《红楼梦》第六十七回,有一段关于苏州泥人的生动描绘,薛蟠从苏回来,带来了两大箱衣物分送给各家姐妹,其中就有“一出出泥人儿的戏,用青纱罩的匣子装着;又有在虎丘山上泥捏的薛蟠的小像,与薛蟠毫无相差。宝钗见了,别的都不理论,倒是薛蟠的小像,拿着细细看了一看,又看看他哥哥,不禁笑起来了。”《苏州府志》也提及“虎丘人搏土肖人像逼真”。可见当时虎丘泥塑的艺术水平。
苏州捏相的创始时代,据清代《桐桥倚棹录》说:“塑真,俗呼捏相,其法创于唐时杨惠之。”杨惠之是名闻全国的“塑圣”系唐代苏州吴山张古村人。他和唐代名画家吴道子拜同一老师学画,后改学雕塑,由于绘画的根底深厚,塑造的人物形象极其生动,达到了泥塑的高超境界。到了宋代,吴县木渎人袁遇昌,把塑制神、佛像的艺术运用到捏塑“泥娃娃”上,他塑的泥孩儿,小口微似在哑哑学语,甚至连未闭合的囟门都塑了出来,很有生气。因此,当时就赞为“天下第一”,后因虎丘出产一种适宜捏塑的“滋泥”,泥塑的中心即移至虎丘。清代著名诗人汪士皇曾把苏州捏相世人项天成(清道光时人)比作顾虎头、吴道子这样的著名画家,还用这样的诗名称赞项天成的捏相技能的神妙:“项子风流儒雅客,江东妙手更无伦。虎头阿堵光如电,漆毫道子开生面。搏粉苍泥夺画工,写真不用鹅溪绢。”从目前被列入全国文物保护单位的吴县甪直镇保圣寺泥塑罗汉和东山紫金庵的罗汉像等作品来看,可以看出它们和苏州捏象之间具有传统渊源关系。

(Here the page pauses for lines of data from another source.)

lemma trace_op_comp_commute:
  fixes f g :: "'v::euclidean_space \<Rightarrow> 'v"
  assumes "linear f" "linear g"
  shows "trace_op (\<lambda>x. f (g x)) = trace_op (\<lambda>x. g (f x))"
proof -
  have "trace_op (\<lambda>x. f (g x)) = (\<Sum>b\<in>Basis. \<Sum>c\<in>Basis. (g b \<bullet> c) * (f c \<bullet> b))"
    unfolding trace_op_def by (intro sum.cong refl linear_inner_Basis_expansion[OF assms(1)])
  also have "\<dots> = (\<Sum>c\<in>Basis. \<Sum>b\<in>Basis. (f c \<bullet> b) * (g b \<bullet> c))"
    by (subst sum.swap) (simp add: mult.commute)
  also have "\<dots> = trace_op (\<lambda>x. g (f x))"
    unfolding trace_op_def by (intro sum.cong refl linear_inner_Basis_expansion[OF assms(2), symmetric])
  finally show ?thesis .
qed

lemma trace_op_diff: "trace_op (\<lambda>x. f x - g x) = trace_op f - trace_op g"
  unfolding trace_op_def by (simp add: inner_diff_left sum_subtractf)

lemma trace_op_add: "trace_op (\<lambda>x. f x + g x) = trace_op f + trace_op g"
  unfolding trace_op_def by (simp add: inner_add_left sum.distrib)

lemma trace_op_scaleR: "trace_op (\<lambda>x. c *\<^sub>R f x) = c * trace_op f"
  unfolding trace_op_def by (simp add: sum_distrib_left)

lemma quadratic_nonpos_imp_linear_coeff_zero:
  fixes a c :: real
  assumes "\<And>t. 2 * t * a + t\<^sup>2 * c \<le> 0"
  shows "a = 0"
proof (rule ccontr)
  assume "a \<noteq> 0"
  define d where "d = \<bar>c\<bar> + 1"
  have d: "d > 0" "2 * d + c > 0" unfolding d_def by (auto simp: abs_if)
  have "2 * (a / d) * a + (a / d)\<^sup>2 * c = a\<^sup>2 * (2 * d + c) / d\<^sup>2"
    using d by (simp add: field_simps power2_eq_square)
  also have "\<dots> > 0"
    using \<open>a \<noteq> 0\<close> d by (intro divide_pos_pos mult_pos_pos) auto
  finally show False using assms[of "a / d"] by simp
qed

lemma Rayleigh_quotient_max:
  fixes T :: "'v::euclidean_space \<Rightarrow> 'v" and b :: "'v \<Rightarrow> 'v \<Rightarrow> real"
  assumes T: "linear T" and b: "bilinear b" and pos: "\<And>x. x \<noteq> 0 \<Longrightarrow> b x x > 0"
  obtains x0 l where "x0 \<noteq> 0" "b (T x0) x0 = l * b x0 x0" "\<And>z. b (T z) z \<le> l * b z z"
proof -
  have cont: "continuous_on S (\<lambda>x. b (f x) x)" if "linear f" for f S
    by (intro bilinear_continuous_on_compose[OF _ continuous_on_id b]
        linear_continuous_on[OF that[unfolded linear_conv_bounded_linear]])
  have "b x x \<noteq> 0" if "x \<in> sphere 0 1" for x
    using pos[of x] that by (cases "x = 0") auto
  then have "continuous_on (sphere (0::'v) 1) (\<lambda>x. b (T x) x / b x x)"
    by (intro continuous_intros cont T linear_id[unfolded id_def]) auto
  then have "\<exists>x0\<in>sphere 0 1. \<forall>y\<in>sphere 0 1. b (T y) y / b y y \<le> b (T x0) x0 / b x0 x0"
    by (intro continuous_attains_sup compact_sphere) simp_all
  then obtain x0 where x0: "x0 \<in> sphere 0 1"
    and max: "\<forall>y\<in>sphere 0 1. b (T y) y / b y y \<le> b (T x0) x0 / b x0 x0" ..
  define l where "l = b (T x0) x0 / b x0 x0"
  have "x0 \<noteq> 0" using x0 by auto
  show thesis
  proof (rule that)
    show "x0 \<noteq> 0" by fact
    show "b (T x0) x0 = l * b x0 x0" unfolding l_def using pos[OF \<open>x0 \<noteq> 0\<close>] by simp
    show "b (T z) z \<le> l * b z z" for z
    proof (cases "z = 0")
      case True then show ?thesis
        using bilinear_lzero[OF b] linear_0[OF T] by simp
    next
      case False
      define c where "c = inverse (norm z)"
      have c: "c > 0" "c *\<^sub>R z \<in> sphere 0 1" using False unfolding c_def by (auto simp: norm_scaleR)
      have hom: "b (T (c *\<^sub>R x)) (c *\<^sub>R x) = c\<^sup>2 * b (T x) x" "b (c *\<^sub>R x) (c *\<^sub>R x) = c\<^sup>2 * b x x" for x
        using linear_scale[OF T] bilinear_lmul[OF b] bilinear_rmul[OF b] by (simp_all add: power2_eq_square)
      have "b (T (c *\<^sub>R z)) (c *\<^sub>R z) / b (c *\<^sub>R z) (c *\<^sub>R z) \<le> l"
        unfolding l_def by (rule bspec[OF max c(2)])
      then have "b (T z) z / b z z \<le> l" using c(1) unfolding hom by simp
      then show ?thesis using pos[OF False] by (simp add: divide_le_eq)
    qed
  qed
qed

lemma self_adjoint_has_eigenvector:
  fixes T :: "'v::euclidean_space \<Rightarrow> 'v" and b :: "'v \<Rightarrow> 'v \<Rightarrow> real"
  assumes T: "linear T" and b: "bilinear b" and sym: "\<And>x y. b x y = b y x"
    and pos: "\<And>x. x \<noteq> 0 \<Longrightarrow> b x x > 0" and adj: "\<And>x y. b (T x) y = b x (T y)"
  shows "\<exists>x l. x \<noteq> 0 \<and> T x = l *\<^sub>R x"
proof -
  obtain x0 l where x0: "x0 \<noteq> 0" "b (T x0) x0 = l * b x0 x0" and max: "\<And>z. b (T z) z \<le> l * b z z"
    using Rayleigh_quotient_max[OF T b pos] by blast
  define d where "d = T x0 - l *\<^sub>R x0"
  note bl = bilinear_ladd[OF b] bilinear_radd[OF b] bilinear_lmul[OF b] bilinear_rmul[OF b]
    linear_add[OF T] linear_scale[OF T]
  have bd: "b (T x0) d - l * b x0 d = b d d"
    unfolding d_def by (simp add: bilinear_lsub[OF b] bilinear_lmul[OF b])
  have "2 * t * b d d + t\<^sup>2 * (b (T d) d - l * b d d) \<le> 0" for t
  proof -
    have "b (T (x0 + t *\<^sub>R d)) (x0 + t *\<^sub>R d)
        = b (T x0) x0 + t * (b (T x0) d + b (T d) x0) + t\<^sup>2 * b (T d) d"
      using bl by (simp add: power2_eq_square algebra_simps)
    moreover have "b (x0 + t *\<^sub>R d) (x0 + t *\<^sub>R d) = b x0 x0 + t * (b x0 d + b d x0) + t\<^sup>2 * b d d"
      using bl by (simp add: power2_eq_square algebra_simps)
    moreover have "b (T d) x0 = b (T x0) d" "b d x0 = b x0 d"
      using adj[of d x0] sym[of d "T x0"] sym[of d x0] by simp_all
    ultimately show ?thesis
      using max[of "x0 + t *\<^sub>R d"] x0(2) bd by (simp add: algebra_simps)
  qed
  then have "b d d = 0" by (rule quadratic_nonpos_imp_linear_coeff_zero)
  then have "d = 0" using pos by force
  then show ?thesis using x0(1) unfolding d_def by auto
qed

section \<open>Compact simple Lie algebras\<close>

locale compact_simple_lie =
  fixes br :: "'v::euclidean_space \<Rightarrow> 'v \<Rightarrow> 'v"
  assumes compact_simple: "compact_simple_lie_algebra br"
begin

苏州捏相艺人捏相时,据说先打量一下对方的特征,静思一下,然后用一颗泥丸放在手里,藏到袖口处,边捏边和对方谈笑,只消几分钟时间就成了。正如《兰舫笔记》记载:“如不介意,少焉而像成矣。”这真可称得上是一种绝技。捏相分两种,一种是捏成像后,加以粉彩点画,配上须发、服饰,四肢另用硬木雕成后装上,可以活动。另一种公是捏成一个头像,也不上彩着衣,便于携带。《红楼梦》中描写的薛蟠小像可能就是后一种。与捏相近似的,还有一种泥塑戏文,在清时也很有名。这种泥塑戏文一般也较写实,重视面部表情神态的刻划,人物形象较夸张。还有一种绢制泥人,头和四肢为泥制,衣帽服式用绢、纸等作成,武装的盔甲,甚至有用线编织成为鳞甲形的,衣服上的花纹有些是用彩笔画的,有些是绣制而成,制作十分精致,人物脸颊丰润,神采奕奕,尤其面部的开相,着墨不多,但眉目传情,显见精神。到了清光绪年间,捏相以小为贵,最小的公及一粒瓜子那么大。为了使小像捏得跟大像一样生动逼真,艺人们创造了用翻模缩小的办法,使形象一点也不走样。
一九五六年五月,苏州市少先队员周福元曾将他家祖传的捏相模子四百三十六件,连同一套捏作工具捐赠给国家。根据这套模子可以印制出一整套面相,包括人相、神像、戏文脸谱以及玩具、小摆设等,其中人相一种,有古代人、现代人,老人、孩子、妇女等。每个面相的表情都不相同,这些面相如果再加上鲜艳的色彩勾划,那就更为活龙活现了。这些小得象一粒瓜子的面相,也是五官端正,须眉清楚,非常生动逼真。可惜这一流传几百年的精细的手艺,在清光绪年间已由衰落而逐渐失传了。如今发现这套模子,对研究捏塑艺术有很大价值。从上面几种著名的工艺美术介绍中,已足见巧夺天工的苏州古技之一斑。此外值得一提的,还有古老而美丽的建筑彩绘,精湛的雕花和浮雕,利用发条传动的惯性玩具,逗人喜欢的通草堆花,姑娘们的饰物素珠,玲珑剔透的红木小件,细巧精致的小摆设,价廉物美的嘉定黄草编织,工艺精巧的掀帘钟和水发钟,惟妙惟肖的仿古铜器,形形色色的剧装戏具,音色古朴的民族乐器……。这些,也都是苏州传统的工艺美术,在明清两代先后都有过兴旺的时期。